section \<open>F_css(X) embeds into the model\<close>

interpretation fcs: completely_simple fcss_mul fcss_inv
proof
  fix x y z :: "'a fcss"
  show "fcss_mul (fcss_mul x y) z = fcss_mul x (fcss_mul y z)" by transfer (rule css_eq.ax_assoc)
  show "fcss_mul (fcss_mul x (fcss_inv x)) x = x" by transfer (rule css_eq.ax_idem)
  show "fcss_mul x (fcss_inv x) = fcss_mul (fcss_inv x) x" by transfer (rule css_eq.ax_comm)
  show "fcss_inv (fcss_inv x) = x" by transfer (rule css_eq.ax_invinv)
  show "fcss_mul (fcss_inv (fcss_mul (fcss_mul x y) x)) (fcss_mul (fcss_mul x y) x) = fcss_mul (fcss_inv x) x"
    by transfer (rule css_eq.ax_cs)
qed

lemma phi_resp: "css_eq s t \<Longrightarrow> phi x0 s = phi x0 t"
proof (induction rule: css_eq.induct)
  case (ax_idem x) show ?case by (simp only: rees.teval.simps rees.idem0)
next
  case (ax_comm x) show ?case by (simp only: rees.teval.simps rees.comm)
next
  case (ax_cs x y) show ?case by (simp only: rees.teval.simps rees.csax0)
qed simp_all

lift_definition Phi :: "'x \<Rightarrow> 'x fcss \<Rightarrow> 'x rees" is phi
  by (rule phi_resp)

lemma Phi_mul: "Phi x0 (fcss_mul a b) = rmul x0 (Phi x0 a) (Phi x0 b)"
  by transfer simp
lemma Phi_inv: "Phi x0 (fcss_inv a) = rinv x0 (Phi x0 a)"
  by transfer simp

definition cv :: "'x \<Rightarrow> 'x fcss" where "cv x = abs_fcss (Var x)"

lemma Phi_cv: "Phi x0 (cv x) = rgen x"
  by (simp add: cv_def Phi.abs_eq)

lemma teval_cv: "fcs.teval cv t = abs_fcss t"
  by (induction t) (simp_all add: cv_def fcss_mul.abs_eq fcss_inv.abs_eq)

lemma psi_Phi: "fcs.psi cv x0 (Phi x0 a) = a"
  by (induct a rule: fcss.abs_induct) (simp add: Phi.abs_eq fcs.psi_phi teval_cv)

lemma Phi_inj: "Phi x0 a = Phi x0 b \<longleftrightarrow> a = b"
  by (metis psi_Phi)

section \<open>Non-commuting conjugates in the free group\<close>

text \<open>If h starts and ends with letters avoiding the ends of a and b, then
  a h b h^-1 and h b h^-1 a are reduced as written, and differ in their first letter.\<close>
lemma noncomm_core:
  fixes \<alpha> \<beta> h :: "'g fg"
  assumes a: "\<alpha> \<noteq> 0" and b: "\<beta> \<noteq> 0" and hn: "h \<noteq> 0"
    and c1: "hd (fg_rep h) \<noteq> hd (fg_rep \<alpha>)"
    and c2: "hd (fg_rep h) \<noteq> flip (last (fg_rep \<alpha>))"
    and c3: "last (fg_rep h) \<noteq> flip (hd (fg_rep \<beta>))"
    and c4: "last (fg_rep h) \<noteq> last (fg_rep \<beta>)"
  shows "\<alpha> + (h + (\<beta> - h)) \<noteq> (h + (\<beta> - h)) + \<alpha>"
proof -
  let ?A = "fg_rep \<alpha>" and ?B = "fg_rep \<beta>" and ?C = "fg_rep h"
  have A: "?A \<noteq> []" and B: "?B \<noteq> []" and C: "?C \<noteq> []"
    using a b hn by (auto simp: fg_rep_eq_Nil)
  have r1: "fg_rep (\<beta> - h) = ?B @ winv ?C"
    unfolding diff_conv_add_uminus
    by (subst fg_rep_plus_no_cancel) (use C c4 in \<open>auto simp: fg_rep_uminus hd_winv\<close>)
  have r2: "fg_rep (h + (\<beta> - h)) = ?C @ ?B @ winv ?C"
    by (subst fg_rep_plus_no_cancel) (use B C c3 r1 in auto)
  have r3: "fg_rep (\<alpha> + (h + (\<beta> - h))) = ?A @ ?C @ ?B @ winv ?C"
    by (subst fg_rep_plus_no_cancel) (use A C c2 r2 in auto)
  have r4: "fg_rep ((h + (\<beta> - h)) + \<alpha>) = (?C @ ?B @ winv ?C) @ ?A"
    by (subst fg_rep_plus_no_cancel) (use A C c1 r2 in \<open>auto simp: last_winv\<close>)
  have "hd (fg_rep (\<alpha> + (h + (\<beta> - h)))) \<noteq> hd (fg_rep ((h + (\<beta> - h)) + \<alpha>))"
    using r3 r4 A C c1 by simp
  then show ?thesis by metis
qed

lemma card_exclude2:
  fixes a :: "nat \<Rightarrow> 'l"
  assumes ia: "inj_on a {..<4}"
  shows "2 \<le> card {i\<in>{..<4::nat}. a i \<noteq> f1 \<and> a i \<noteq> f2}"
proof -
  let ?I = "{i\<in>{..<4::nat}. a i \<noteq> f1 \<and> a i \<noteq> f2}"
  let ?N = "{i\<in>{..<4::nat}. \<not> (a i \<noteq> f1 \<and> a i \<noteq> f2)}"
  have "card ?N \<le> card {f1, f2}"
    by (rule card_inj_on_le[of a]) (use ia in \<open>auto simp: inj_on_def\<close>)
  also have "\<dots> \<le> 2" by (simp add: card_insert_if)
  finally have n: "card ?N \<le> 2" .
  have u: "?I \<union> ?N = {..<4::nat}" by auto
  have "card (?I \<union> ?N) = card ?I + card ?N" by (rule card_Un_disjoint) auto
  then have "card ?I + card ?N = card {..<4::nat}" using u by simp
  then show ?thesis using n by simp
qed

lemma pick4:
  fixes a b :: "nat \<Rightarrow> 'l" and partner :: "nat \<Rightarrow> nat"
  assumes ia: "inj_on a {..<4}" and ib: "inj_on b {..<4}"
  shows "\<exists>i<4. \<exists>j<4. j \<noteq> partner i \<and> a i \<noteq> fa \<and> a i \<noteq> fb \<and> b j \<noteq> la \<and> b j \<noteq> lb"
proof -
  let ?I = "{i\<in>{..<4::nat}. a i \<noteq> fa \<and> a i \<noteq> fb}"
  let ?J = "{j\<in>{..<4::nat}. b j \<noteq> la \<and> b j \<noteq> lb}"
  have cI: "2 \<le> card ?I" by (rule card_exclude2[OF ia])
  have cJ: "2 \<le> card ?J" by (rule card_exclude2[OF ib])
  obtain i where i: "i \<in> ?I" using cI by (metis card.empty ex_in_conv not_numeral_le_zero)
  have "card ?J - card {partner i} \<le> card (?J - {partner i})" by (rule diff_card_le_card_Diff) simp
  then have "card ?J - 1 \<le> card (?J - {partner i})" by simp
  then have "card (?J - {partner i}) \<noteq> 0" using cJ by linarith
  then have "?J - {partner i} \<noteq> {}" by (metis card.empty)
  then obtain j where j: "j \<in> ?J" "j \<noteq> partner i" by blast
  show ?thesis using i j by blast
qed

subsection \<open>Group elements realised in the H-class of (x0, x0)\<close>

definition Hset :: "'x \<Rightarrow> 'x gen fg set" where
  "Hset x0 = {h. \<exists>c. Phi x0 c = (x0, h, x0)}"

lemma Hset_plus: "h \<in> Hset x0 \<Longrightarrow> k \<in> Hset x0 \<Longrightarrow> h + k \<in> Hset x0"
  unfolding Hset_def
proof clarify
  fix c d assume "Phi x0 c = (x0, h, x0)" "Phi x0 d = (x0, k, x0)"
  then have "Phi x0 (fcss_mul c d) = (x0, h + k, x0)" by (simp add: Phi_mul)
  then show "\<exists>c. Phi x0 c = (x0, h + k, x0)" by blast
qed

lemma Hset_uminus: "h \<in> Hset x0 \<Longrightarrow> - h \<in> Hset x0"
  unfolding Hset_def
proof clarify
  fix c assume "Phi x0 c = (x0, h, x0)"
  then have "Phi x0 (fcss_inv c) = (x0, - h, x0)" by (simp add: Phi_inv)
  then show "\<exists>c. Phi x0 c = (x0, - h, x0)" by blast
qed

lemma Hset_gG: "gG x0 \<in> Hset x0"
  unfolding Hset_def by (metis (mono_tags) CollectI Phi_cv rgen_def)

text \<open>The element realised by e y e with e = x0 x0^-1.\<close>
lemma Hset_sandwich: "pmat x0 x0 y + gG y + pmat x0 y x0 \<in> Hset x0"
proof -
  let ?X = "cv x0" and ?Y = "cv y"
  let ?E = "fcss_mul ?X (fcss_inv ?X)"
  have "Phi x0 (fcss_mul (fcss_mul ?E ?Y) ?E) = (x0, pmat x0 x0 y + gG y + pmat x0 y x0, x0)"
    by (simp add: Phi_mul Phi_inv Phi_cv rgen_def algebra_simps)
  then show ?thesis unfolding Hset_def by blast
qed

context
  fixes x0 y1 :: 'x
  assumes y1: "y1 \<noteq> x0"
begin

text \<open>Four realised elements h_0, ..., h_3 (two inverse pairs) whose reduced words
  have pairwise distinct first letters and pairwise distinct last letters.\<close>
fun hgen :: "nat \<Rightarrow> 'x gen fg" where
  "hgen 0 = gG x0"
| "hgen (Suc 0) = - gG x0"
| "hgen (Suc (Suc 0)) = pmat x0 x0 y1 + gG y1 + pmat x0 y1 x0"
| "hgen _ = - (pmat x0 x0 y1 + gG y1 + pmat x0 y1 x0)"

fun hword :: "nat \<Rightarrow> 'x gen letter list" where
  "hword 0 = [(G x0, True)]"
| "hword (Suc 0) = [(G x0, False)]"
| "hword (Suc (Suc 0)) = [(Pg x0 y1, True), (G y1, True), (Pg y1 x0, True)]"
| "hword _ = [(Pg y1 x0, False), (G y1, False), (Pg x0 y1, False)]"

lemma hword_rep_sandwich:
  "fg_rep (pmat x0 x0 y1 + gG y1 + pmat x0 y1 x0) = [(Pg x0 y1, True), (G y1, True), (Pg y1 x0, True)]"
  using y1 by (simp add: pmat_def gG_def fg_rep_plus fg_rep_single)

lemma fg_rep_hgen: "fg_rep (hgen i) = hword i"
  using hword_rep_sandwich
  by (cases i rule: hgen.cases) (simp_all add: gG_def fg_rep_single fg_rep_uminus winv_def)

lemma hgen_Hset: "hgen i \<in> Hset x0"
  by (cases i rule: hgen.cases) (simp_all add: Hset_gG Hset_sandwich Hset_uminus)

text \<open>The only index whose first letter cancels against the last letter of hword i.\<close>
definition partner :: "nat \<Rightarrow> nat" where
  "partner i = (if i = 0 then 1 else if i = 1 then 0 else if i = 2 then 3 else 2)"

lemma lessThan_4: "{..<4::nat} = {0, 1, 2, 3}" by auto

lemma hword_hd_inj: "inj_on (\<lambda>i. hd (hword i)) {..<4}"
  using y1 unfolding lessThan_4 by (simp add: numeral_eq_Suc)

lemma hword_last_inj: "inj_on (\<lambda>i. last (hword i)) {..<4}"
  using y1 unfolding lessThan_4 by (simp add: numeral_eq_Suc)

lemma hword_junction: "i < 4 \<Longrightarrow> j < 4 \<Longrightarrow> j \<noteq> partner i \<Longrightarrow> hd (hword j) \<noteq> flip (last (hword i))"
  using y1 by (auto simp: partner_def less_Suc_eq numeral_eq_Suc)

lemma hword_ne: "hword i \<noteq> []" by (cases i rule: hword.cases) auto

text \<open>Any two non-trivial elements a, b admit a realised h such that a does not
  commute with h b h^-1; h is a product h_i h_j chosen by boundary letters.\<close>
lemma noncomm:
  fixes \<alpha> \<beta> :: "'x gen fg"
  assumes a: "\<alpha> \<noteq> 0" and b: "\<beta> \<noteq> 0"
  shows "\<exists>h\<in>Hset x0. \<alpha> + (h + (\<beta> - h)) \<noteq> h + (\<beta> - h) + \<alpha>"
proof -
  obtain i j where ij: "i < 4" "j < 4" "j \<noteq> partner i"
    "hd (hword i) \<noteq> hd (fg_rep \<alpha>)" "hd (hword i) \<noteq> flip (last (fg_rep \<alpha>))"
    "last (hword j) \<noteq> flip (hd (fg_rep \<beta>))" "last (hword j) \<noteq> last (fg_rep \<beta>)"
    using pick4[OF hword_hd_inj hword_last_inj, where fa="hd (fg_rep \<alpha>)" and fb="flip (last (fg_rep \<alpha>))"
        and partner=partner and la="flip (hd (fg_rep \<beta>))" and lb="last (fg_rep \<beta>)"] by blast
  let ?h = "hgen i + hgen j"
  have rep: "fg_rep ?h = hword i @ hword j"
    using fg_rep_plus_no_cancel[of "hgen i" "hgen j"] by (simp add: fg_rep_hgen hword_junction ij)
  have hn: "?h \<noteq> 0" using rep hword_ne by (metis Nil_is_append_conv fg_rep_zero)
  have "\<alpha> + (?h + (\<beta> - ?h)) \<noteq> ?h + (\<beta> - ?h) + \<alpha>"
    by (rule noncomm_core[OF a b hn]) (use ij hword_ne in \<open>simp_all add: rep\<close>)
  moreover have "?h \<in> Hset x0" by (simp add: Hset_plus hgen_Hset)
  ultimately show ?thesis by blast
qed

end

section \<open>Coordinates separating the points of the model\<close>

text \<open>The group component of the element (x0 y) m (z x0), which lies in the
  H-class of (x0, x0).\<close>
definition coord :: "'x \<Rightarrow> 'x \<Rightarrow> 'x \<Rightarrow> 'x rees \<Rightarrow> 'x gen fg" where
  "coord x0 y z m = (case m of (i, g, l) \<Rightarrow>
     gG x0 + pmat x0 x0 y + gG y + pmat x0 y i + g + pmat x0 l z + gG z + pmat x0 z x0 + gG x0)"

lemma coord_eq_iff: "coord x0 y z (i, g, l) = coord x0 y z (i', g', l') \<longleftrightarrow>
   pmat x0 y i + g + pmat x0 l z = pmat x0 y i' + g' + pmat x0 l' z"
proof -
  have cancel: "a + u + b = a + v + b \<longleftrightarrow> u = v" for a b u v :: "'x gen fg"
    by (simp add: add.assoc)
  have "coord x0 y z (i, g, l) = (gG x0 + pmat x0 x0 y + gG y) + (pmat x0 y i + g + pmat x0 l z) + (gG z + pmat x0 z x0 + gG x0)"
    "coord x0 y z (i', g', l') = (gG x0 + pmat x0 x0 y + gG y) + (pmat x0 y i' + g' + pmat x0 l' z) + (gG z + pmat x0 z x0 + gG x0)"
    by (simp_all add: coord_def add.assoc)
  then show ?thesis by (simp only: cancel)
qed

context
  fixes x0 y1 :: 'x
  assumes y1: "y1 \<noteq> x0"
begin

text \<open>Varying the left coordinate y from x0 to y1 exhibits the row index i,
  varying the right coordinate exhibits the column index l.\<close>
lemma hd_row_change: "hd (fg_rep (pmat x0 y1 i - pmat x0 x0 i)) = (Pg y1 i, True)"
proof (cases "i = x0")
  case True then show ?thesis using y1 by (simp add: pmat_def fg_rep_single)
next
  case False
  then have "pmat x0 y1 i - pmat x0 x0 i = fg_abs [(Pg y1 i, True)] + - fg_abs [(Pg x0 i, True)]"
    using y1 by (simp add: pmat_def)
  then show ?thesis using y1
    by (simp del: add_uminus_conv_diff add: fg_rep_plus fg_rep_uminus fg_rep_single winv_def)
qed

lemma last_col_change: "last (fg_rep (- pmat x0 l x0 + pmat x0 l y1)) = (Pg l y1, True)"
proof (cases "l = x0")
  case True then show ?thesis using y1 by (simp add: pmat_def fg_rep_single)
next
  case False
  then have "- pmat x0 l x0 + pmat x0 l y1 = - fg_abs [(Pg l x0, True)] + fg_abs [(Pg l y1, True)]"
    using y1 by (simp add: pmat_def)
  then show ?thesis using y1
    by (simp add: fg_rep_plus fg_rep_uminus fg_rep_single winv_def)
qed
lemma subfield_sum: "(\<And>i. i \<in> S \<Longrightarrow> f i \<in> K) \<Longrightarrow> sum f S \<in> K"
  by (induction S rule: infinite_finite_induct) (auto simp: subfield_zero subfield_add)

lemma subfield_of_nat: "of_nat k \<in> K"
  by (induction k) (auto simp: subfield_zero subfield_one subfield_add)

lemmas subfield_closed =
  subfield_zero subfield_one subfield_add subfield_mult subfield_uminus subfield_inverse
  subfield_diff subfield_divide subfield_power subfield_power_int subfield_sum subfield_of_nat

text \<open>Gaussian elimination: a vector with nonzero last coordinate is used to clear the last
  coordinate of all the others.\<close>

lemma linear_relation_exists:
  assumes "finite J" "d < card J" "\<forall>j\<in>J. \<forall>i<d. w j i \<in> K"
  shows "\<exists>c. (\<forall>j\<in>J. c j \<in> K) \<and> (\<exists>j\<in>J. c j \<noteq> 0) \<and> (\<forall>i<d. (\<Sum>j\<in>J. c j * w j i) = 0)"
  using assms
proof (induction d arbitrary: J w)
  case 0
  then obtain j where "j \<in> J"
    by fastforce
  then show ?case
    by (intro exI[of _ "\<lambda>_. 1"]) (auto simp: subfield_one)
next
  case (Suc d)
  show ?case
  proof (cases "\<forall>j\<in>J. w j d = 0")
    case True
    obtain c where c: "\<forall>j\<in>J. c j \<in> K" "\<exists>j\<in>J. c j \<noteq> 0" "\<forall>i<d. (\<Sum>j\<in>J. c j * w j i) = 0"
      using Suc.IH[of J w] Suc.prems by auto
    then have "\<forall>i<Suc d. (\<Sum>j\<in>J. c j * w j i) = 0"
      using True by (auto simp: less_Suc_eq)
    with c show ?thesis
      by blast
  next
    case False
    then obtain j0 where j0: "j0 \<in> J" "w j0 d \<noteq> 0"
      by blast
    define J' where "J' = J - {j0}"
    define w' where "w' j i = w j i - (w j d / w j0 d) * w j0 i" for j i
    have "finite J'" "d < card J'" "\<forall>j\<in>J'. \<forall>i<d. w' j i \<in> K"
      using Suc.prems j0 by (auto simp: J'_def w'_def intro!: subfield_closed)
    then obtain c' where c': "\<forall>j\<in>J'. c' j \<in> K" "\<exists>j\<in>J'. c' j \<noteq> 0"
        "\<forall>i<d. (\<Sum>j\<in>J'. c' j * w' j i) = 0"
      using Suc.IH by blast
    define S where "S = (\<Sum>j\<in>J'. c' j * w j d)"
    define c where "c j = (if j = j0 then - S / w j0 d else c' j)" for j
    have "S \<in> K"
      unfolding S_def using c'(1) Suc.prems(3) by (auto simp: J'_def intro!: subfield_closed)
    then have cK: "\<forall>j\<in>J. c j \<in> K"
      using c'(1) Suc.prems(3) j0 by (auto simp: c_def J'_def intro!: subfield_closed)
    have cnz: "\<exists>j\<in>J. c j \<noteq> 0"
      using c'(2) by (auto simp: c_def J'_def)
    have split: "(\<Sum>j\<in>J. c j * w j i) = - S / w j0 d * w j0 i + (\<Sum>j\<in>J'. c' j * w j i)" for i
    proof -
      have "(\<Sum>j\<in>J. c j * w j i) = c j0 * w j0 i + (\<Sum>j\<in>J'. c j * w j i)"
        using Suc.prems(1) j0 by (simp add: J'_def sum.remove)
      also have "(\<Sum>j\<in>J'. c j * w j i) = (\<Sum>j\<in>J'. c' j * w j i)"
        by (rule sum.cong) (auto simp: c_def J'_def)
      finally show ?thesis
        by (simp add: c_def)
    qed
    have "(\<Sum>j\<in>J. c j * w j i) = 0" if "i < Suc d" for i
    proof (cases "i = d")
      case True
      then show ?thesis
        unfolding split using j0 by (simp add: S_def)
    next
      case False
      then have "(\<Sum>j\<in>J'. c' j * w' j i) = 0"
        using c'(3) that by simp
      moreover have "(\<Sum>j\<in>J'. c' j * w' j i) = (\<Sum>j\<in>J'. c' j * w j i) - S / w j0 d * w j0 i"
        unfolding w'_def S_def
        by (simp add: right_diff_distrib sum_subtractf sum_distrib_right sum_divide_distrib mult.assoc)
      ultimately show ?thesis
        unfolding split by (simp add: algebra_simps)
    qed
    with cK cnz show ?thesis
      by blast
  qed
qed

**THE PROBLEM**
Copy the lines above exactly, beginning at the line that has "x = abs_fcss" and stopping after the line that has "(\<beta> - h) = ?B", and omit the rest.

**RESPONSE**
definition cv :: "'x \<Rightarrow> 'x fcss" where "cv x = abs_fcss (Var x)"

lemma Phi_cv: "Phi x0 (cv x) = rgen x"
  by (simp add: cv_def Phi.abs_eq)

lemma teval_cv: "fcs.teval cv t = abs_fcss t"
  by (induction t) (simp_all add: cv_def fcss_mul.abs_eq fcss_inv.abs_eq)

lemma psi_Phi: "fcs.psi cv x0 (Phi x0 a) = a"
  by (induct a rule: fcss.abs_induct) (simp add: Phi.abs_eq fcs.psi_phi teval_cv)

lemma Phi_inj: "Phi x0 a = Phi x0 b \<longleftrightarrow> a = b"
  by (metis psi_Phi)

section \<open>Non-commuting conjugates in the free group\<close>

text \<open>If h starts and ends with letters avoiding the ends of a and b, then
  a h b h^-1 and h b h^-1 a are reduced as written, and differ in their first letter.\<close>
lemma noncomm_core:
  fixes \<alpha> \<beta> h :: "'g fg"
  assumes a: "\<alpha> \<noteq> 0" and b: "\<beta> \<noteq> 0" and hn: "h \<noteq> 0"
    and c1: "hd (fg_rep h) \<noteq> hd (fg_rep \<alpha>)"
    and c2: "hd (fg_rep h) \<noteq> flip (last (fg_rep \<alpha>))"
    and c3: "last (fg_rep h) \<noteq> flip (hd (fg_rep \<beta>))"
    and c4: "last (fg_rep h) \<noteq> last (fg_rep \<beta>)"
  shows "\<alpha> + (h + (\<beta> - h)) \<noteq> (h + (\<beta> - h)) + \<alpha>"
proof -
  let ?A = "fg_rep \<alpha>" and ?B = "fg_rep \<beta>" and ?C = "fg_rep h"
  have A: "?A \<noteq> []" and B: "?B \<noteq> []" and C: "?C \<noteq> []"
    using a b hn by (auto simp: fg_rep_eq_Nil)
  have r1: "fg_rep (\<beta> - h) = ?B @ winv ?C"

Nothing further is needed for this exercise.